_Data for this exercise_
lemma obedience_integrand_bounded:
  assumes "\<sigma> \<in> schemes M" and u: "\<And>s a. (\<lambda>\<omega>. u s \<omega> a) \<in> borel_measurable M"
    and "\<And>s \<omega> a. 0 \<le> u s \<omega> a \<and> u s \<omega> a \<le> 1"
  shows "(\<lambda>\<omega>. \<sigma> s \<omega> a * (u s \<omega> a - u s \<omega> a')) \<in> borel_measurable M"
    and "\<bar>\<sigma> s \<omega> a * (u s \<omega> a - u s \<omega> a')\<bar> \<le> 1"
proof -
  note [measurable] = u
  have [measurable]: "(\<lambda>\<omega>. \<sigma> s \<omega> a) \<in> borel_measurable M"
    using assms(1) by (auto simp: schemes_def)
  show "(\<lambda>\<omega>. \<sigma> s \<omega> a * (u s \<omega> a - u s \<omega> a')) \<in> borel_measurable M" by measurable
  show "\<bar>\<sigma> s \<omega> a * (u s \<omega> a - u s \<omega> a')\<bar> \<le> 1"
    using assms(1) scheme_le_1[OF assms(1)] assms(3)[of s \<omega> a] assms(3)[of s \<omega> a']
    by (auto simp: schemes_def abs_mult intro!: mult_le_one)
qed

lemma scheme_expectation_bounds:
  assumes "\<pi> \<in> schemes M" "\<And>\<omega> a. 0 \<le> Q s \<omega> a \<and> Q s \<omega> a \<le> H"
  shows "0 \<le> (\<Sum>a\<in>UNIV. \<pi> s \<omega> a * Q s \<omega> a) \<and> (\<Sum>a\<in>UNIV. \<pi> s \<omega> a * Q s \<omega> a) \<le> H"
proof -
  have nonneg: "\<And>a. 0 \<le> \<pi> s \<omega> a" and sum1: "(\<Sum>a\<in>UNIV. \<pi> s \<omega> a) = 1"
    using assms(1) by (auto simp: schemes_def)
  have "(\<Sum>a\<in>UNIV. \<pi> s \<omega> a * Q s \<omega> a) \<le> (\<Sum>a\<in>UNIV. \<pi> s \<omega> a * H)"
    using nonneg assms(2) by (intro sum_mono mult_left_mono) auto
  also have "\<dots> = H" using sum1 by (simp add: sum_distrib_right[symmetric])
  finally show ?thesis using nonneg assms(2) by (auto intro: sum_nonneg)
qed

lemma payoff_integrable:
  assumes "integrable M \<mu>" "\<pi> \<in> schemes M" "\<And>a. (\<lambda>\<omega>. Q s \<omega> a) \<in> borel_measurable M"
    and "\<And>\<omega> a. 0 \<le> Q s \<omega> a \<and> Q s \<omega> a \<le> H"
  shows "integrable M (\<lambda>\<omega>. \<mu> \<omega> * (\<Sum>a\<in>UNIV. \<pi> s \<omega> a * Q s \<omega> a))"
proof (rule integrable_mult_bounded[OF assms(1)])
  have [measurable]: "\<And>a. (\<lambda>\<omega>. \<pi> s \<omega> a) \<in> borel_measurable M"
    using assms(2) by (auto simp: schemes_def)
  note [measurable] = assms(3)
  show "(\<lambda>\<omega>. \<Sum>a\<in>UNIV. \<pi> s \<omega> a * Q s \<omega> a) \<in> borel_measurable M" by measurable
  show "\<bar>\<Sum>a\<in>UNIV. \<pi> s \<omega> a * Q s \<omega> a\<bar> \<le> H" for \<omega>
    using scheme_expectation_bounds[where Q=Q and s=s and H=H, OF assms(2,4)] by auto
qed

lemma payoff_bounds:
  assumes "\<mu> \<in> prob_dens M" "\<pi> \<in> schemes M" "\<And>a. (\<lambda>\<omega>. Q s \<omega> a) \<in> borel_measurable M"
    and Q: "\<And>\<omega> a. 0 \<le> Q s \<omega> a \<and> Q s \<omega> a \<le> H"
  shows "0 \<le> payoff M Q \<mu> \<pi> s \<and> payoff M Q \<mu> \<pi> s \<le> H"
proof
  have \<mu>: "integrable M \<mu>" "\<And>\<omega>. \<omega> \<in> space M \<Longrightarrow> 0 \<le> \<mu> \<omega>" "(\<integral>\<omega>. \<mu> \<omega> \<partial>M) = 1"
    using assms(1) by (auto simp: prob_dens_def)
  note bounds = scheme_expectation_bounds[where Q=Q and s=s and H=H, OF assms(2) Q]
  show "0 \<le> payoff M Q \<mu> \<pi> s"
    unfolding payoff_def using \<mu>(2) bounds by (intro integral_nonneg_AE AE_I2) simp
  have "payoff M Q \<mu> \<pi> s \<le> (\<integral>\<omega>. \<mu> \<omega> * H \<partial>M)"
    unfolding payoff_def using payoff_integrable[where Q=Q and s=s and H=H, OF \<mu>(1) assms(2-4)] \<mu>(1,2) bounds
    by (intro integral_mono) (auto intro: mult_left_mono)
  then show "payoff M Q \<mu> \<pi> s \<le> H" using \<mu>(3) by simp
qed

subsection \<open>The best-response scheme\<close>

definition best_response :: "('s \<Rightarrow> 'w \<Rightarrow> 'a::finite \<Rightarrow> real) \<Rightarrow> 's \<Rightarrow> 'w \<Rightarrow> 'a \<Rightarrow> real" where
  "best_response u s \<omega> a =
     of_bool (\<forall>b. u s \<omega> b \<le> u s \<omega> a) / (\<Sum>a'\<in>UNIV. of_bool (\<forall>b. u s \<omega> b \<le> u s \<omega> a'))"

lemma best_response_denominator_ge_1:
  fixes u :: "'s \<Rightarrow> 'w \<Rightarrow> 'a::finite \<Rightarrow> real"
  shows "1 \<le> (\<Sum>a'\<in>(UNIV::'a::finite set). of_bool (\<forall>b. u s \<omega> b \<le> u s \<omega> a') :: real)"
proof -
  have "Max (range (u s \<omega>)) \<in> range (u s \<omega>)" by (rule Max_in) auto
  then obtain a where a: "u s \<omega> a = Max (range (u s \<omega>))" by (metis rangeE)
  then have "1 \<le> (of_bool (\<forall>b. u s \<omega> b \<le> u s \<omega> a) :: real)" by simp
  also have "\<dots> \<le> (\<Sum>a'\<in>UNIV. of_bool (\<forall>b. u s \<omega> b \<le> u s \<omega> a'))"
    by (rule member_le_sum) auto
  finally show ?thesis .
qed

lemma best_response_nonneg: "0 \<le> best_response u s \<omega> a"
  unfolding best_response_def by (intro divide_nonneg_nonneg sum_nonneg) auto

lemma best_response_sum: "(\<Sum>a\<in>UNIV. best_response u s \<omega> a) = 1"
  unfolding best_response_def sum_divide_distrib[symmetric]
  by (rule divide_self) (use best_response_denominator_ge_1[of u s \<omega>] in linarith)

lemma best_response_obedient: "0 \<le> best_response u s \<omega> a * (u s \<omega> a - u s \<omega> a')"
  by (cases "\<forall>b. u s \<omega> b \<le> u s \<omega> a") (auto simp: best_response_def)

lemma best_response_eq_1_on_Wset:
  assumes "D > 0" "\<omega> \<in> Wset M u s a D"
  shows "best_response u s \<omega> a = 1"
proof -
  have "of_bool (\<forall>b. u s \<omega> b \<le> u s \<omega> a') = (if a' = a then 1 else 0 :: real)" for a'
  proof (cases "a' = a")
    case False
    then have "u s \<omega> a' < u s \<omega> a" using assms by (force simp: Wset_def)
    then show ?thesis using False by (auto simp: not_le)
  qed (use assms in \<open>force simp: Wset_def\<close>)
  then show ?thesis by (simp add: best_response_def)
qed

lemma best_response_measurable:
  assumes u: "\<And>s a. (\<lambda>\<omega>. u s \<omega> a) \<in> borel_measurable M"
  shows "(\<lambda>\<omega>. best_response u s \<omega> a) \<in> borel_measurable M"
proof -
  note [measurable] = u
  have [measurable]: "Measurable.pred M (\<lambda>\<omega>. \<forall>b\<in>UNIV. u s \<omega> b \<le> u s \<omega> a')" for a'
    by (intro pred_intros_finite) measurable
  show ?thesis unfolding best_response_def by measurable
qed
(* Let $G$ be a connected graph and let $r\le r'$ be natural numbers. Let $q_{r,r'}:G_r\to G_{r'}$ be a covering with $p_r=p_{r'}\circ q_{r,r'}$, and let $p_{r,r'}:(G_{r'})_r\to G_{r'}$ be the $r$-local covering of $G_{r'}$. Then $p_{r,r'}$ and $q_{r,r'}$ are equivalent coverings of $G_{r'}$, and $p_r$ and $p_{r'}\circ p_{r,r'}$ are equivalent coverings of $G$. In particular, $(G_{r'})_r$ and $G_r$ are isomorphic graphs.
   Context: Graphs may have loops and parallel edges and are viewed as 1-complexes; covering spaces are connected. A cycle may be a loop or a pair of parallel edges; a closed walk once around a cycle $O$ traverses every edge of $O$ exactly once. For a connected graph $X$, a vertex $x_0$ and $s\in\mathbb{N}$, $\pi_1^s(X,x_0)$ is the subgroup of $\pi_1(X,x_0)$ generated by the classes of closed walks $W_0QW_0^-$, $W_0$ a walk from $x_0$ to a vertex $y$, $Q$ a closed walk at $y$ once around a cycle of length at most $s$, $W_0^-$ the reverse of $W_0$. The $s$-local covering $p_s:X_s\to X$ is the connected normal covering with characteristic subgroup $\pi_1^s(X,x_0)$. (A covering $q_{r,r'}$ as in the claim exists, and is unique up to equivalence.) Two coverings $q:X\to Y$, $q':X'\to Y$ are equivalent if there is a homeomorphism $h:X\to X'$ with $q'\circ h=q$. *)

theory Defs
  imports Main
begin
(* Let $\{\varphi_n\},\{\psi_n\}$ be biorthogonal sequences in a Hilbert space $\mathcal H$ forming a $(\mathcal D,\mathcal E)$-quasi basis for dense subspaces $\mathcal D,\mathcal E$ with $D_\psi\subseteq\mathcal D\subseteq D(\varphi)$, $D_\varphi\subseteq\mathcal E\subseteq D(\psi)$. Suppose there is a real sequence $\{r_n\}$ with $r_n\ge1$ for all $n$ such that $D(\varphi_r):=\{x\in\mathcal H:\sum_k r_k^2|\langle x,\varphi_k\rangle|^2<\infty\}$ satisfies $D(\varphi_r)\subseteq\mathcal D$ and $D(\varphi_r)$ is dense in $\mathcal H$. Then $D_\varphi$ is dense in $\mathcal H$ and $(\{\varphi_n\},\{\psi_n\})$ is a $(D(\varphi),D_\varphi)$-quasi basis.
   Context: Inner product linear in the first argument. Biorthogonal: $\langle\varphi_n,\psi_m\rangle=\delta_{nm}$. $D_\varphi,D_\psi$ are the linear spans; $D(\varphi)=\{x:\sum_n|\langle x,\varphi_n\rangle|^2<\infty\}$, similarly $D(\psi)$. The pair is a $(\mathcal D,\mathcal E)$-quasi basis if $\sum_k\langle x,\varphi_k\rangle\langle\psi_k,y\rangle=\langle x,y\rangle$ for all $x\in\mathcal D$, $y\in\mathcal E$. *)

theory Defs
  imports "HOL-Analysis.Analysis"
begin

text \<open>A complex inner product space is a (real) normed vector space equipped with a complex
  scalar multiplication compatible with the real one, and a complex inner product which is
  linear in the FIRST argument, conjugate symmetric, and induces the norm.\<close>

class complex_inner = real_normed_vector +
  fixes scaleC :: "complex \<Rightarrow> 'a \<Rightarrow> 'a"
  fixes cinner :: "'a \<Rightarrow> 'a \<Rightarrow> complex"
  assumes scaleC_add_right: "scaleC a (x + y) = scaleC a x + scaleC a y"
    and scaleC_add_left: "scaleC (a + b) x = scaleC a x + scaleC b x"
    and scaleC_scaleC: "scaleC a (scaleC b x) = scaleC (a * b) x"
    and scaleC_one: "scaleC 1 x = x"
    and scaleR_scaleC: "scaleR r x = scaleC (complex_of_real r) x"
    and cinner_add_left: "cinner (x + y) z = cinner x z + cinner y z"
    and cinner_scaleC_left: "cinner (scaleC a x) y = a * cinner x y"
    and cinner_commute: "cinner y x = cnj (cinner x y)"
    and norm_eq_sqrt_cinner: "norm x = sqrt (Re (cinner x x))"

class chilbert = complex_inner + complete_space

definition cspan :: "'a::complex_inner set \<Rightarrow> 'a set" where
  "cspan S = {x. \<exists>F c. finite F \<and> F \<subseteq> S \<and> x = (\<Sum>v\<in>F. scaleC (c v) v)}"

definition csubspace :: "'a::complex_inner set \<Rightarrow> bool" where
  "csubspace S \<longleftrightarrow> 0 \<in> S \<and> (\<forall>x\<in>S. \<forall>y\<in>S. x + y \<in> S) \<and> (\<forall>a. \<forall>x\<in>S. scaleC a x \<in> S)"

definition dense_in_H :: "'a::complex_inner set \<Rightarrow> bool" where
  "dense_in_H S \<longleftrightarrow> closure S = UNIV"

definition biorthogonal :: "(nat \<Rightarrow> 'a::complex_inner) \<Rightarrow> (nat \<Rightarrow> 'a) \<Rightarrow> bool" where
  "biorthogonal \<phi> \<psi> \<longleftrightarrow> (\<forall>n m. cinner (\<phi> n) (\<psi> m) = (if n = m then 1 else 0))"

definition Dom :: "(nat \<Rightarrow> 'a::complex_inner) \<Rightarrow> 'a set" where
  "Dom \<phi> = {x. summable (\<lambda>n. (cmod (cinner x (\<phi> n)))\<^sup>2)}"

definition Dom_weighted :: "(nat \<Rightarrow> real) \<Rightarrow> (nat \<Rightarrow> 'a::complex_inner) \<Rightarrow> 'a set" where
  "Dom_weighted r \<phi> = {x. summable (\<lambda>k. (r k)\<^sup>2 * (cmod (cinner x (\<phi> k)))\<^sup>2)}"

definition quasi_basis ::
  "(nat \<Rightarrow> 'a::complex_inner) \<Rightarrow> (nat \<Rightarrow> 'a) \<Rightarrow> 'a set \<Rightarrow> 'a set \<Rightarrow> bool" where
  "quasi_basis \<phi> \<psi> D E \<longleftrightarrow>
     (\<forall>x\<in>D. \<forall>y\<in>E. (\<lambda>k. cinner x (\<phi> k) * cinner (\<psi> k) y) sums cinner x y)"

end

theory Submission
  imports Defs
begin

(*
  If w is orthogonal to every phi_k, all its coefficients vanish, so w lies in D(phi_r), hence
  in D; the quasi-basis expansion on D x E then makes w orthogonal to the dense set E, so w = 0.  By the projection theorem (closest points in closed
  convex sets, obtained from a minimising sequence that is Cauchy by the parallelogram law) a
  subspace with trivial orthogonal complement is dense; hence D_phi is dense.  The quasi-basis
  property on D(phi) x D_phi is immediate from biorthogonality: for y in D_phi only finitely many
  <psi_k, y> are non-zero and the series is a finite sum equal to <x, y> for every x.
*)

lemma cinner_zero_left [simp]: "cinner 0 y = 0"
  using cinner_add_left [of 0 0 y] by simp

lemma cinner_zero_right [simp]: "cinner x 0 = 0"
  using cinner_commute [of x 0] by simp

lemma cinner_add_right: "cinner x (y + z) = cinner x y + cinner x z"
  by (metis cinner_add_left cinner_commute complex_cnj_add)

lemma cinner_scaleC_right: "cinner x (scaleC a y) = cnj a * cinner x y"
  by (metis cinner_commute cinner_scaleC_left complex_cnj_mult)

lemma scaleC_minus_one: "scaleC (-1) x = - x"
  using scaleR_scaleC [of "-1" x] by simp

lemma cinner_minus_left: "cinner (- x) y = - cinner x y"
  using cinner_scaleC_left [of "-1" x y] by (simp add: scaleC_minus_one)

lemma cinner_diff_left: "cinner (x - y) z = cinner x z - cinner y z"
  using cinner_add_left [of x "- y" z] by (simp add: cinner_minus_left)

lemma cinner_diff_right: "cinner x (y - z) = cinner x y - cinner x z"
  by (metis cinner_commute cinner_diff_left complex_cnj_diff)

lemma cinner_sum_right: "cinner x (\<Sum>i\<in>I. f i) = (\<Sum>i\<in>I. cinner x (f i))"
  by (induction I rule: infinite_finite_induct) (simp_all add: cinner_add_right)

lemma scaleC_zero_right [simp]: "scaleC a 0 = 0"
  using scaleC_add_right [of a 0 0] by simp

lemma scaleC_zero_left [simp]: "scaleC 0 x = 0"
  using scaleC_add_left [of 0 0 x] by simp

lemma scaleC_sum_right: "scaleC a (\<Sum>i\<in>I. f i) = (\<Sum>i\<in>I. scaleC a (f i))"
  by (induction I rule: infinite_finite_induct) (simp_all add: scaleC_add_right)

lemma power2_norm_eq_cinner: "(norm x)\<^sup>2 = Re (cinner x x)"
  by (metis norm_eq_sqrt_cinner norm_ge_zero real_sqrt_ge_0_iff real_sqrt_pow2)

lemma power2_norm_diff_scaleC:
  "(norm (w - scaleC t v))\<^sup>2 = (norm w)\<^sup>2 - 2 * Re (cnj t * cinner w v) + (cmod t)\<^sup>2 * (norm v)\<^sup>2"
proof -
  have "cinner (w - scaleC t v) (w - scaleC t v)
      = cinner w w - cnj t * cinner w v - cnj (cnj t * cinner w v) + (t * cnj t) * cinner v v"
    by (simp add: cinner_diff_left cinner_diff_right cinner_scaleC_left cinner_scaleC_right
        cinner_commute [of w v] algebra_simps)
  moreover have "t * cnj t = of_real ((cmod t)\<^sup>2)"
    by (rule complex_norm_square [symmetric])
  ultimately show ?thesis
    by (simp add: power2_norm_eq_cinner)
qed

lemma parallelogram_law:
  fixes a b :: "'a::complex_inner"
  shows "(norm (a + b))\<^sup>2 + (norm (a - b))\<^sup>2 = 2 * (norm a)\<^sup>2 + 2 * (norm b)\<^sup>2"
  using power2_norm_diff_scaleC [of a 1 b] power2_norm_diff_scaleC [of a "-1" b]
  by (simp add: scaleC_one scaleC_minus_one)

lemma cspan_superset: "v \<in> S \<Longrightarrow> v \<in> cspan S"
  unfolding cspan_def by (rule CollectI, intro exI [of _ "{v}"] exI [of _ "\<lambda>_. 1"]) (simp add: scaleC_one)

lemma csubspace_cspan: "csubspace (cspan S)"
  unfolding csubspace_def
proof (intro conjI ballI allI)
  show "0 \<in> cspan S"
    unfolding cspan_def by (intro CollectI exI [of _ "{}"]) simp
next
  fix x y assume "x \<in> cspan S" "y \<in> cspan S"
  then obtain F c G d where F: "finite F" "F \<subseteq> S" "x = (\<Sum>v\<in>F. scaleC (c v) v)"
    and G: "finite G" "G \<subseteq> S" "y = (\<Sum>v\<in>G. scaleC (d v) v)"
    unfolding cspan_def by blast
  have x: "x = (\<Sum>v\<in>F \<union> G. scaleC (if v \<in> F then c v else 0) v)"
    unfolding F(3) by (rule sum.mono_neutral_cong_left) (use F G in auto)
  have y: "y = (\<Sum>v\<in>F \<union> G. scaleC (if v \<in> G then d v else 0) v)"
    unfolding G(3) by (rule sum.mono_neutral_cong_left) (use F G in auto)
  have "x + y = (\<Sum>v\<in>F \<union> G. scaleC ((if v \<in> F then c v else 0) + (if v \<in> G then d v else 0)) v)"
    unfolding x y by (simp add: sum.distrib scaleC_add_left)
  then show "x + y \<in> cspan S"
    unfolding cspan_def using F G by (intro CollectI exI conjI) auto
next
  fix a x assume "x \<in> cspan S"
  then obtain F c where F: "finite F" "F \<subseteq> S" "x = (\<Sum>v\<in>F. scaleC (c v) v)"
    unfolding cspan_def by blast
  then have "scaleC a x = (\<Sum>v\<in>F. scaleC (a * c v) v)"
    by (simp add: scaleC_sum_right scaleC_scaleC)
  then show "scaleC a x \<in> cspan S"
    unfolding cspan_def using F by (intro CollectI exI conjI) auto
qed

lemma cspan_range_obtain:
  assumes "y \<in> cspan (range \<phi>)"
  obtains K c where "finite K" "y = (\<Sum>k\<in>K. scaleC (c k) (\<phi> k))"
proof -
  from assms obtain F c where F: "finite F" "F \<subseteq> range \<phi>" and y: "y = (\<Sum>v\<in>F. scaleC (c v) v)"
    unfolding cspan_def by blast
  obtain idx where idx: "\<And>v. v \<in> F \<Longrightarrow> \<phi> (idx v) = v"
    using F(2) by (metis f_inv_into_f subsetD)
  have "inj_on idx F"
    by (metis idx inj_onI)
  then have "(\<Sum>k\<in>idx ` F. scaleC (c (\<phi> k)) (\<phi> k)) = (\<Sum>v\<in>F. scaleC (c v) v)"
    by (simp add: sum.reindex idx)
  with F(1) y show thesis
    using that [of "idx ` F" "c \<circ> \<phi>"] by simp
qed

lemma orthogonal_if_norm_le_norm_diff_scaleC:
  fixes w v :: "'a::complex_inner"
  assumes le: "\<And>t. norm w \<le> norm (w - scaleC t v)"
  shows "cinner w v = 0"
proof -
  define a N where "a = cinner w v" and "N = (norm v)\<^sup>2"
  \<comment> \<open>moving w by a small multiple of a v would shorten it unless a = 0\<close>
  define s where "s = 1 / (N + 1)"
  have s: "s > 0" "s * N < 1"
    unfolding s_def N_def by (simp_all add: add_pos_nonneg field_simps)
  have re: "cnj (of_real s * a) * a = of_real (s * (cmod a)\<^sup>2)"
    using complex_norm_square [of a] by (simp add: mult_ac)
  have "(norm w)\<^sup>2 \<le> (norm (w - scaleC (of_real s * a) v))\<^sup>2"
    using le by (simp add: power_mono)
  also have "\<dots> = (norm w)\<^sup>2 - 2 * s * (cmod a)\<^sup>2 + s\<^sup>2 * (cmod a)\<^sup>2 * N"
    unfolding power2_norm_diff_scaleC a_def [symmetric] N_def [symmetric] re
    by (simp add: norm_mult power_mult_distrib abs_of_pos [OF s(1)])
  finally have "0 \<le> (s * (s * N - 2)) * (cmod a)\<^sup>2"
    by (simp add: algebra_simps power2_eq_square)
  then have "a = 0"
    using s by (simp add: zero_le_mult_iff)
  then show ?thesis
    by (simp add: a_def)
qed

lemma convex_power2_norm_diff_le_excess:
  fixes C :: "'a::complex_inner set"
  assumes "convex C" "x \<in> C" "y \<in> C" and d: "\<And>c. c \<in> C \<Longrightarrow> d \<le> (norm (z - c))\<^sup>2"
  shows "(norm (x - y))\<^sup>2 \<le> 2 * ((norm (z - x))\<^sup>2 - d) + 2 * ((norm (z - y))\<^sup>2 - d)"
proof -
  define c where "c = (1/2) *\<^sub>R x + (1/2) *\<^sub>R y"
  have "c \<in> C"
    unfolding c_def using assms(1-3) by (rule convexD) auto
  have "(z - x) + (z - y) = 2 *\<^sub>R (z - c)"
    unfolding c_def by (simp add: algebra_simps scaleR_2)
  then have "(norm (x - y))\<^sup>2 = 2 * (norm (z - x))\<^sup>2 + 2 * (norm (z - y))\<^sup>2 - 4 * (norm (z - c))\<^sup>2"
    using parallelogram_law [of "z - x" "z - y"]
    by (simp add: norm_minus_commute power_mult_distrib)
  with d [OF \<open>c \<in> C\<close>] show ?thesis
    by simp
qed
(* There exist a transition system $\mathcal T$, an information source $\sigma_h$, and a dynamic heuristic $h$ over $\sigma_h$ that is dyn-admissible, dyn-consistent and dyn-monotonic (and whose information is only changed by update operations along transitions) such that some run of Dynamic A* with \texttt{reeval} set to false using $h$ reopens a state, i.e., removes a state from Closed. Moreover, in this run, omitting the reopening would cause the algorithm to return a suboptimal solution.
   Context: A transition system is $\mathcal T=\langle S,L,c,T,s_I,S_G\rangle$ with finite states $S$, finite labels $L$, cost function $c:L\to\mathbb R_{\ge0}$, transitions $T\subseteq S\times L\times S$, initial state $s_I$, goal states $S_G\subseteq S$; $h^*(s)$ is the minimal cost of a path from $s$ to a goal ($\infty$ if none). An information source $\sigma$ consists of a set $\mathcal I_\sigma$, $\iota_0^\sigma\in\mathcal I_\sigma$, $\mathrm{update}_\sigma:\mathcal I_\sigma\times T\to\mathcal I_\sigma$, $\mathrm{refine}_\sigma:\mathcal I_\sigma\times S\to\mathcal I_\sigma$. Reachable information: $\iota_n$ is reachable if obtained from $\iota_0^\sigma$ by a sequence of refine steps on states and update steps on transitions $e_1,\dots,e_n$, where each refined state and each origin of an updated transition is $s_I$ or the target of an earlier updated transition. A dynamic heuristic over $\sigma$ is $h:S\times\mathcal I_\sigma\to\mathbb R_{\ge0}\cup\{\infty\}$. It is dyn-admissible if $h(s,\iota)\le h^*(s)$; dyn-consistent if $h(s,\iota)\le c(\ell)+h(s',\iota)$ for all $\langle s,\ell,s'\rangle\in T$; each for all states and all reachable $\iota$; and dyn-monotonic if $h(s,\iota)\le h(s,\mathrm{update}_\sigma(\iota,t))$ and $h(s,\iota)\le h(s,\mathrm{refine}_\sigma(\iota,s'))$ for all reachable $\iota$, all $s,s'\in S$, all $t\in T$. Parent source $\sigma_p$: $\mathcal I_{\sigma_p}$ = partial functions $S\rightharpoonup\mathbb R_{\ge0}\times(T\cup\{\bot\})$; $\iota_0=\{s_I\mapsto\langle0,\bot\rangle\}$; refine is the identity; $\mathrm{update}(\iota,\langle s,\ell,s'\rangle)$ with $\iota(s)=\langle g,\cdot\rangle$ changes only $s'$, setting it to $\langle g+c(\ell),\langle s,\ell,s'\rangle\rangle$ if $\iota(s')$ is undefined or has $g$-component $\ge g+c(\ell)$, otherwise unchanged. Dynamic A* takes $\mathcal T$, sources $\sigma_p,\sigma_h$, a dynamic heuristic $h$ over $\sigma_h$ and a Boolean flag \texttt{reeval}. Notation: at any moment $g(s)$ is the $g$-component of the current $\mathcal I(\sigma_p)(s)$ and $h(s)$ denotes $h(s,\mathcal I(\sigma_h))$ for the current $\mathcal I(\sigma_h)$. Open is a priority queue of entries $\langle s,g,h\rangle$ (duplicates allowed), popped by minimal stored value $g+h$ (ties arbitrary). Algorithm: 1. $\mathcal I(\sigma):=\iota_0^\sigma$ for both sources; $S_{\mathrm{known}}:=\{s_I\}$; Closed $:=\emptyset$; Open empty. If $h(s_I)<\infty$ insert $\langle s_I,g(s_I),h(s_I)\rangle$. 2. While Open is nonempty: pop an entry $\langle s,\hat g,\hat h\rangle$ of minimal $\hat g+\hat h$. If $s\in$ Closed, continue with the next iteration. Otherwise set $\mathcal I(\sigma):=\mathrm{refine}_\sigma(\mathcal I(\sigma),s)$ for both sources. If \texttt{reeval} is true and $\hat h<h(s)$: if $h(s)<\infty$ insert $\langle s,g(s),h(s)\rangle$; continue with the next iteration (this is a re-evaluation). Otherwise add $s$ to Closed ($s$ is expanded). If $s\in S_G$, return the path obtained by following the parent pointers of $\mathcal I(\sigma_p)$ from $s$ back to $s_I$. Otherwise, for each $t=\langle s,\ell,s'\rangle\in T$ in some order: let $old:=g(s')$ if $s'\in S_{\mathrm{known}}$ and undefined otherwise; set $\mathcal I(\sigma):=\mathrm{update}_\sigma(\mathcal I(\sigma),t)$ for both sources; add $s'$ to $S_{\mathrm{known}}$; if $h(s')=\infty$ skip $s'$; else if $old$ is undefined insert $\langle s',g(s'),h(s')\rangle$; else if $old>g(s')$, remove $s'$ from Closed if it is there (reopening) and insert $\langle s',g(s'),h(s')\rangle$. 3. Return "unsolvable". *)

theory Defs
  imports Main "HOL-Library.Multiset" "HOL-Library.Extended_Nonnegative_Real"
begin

_Requirement_
In the entries above, the lines between the one holding "using F(2) by" and the one holding "unfolding power2_norm_diff_scaleC a_def", inclusive, are to be printed exactly as written, and those alone.

_Solution for this exercise_
    using F(2) by (metis f_inv_into_f subsetD)
  have "inj_on idx F"
    by (metis idx inj_onI)
  then have "(\<Sum>k\<in>idx ` F. scaleC (c (\<phi> k)) (\<phi> k)) = (\<Sum>v\<in>F. scaleC (c v) v)"
    by (simp add: sum.reindex idx)
  with F(1) y show thesis
    using that [of "idx ` F" "c \<circ> \<phi>"] by simp
qed

lemma orthogonal_if_norm_le_norm_diff_scaleC:
  fixes w v :: "'a::complex_inner"
  assumes le: "\<And>t. norm w \<le> norm (w - scaleC t v)"
  shows "cinner w v = 0"
proof -
  define a N where "a = cinner w v" and "N = (norm v)\<^sup>2"
  \<comment> \<open>moving w by a small multiple of a v would shorten it unless a = 0\<close>
  define s where "s = 1 / (N + 1)"
  have s: "s > 0" "s * N < 1"
    unfolding s_def N_def by (simp_all add: add_pos_nonneg field_simps)
  have re: "cnj (of_real s * a) * a = of_real (s * (cmod a)\<^sup>2)"
    using complex_norm_square [of a] by (simp add: mult_ac)
  have "(norm w)\<^sup>2 \<le> (norm (w - scaleC (of_real s * a) v))\<^sup>2"
    using le by (simp add: power_mono)
  also have "\<dots> = (norm w)\<^sup>2 - 2 * s * (cmod a)\<^sup>2 + s\<^sup>2 * (cmod a)\<^sup>2 * N"
    unfolding power2_norm_diff_scaleC a_def [symmetric] N_def [symmetric] re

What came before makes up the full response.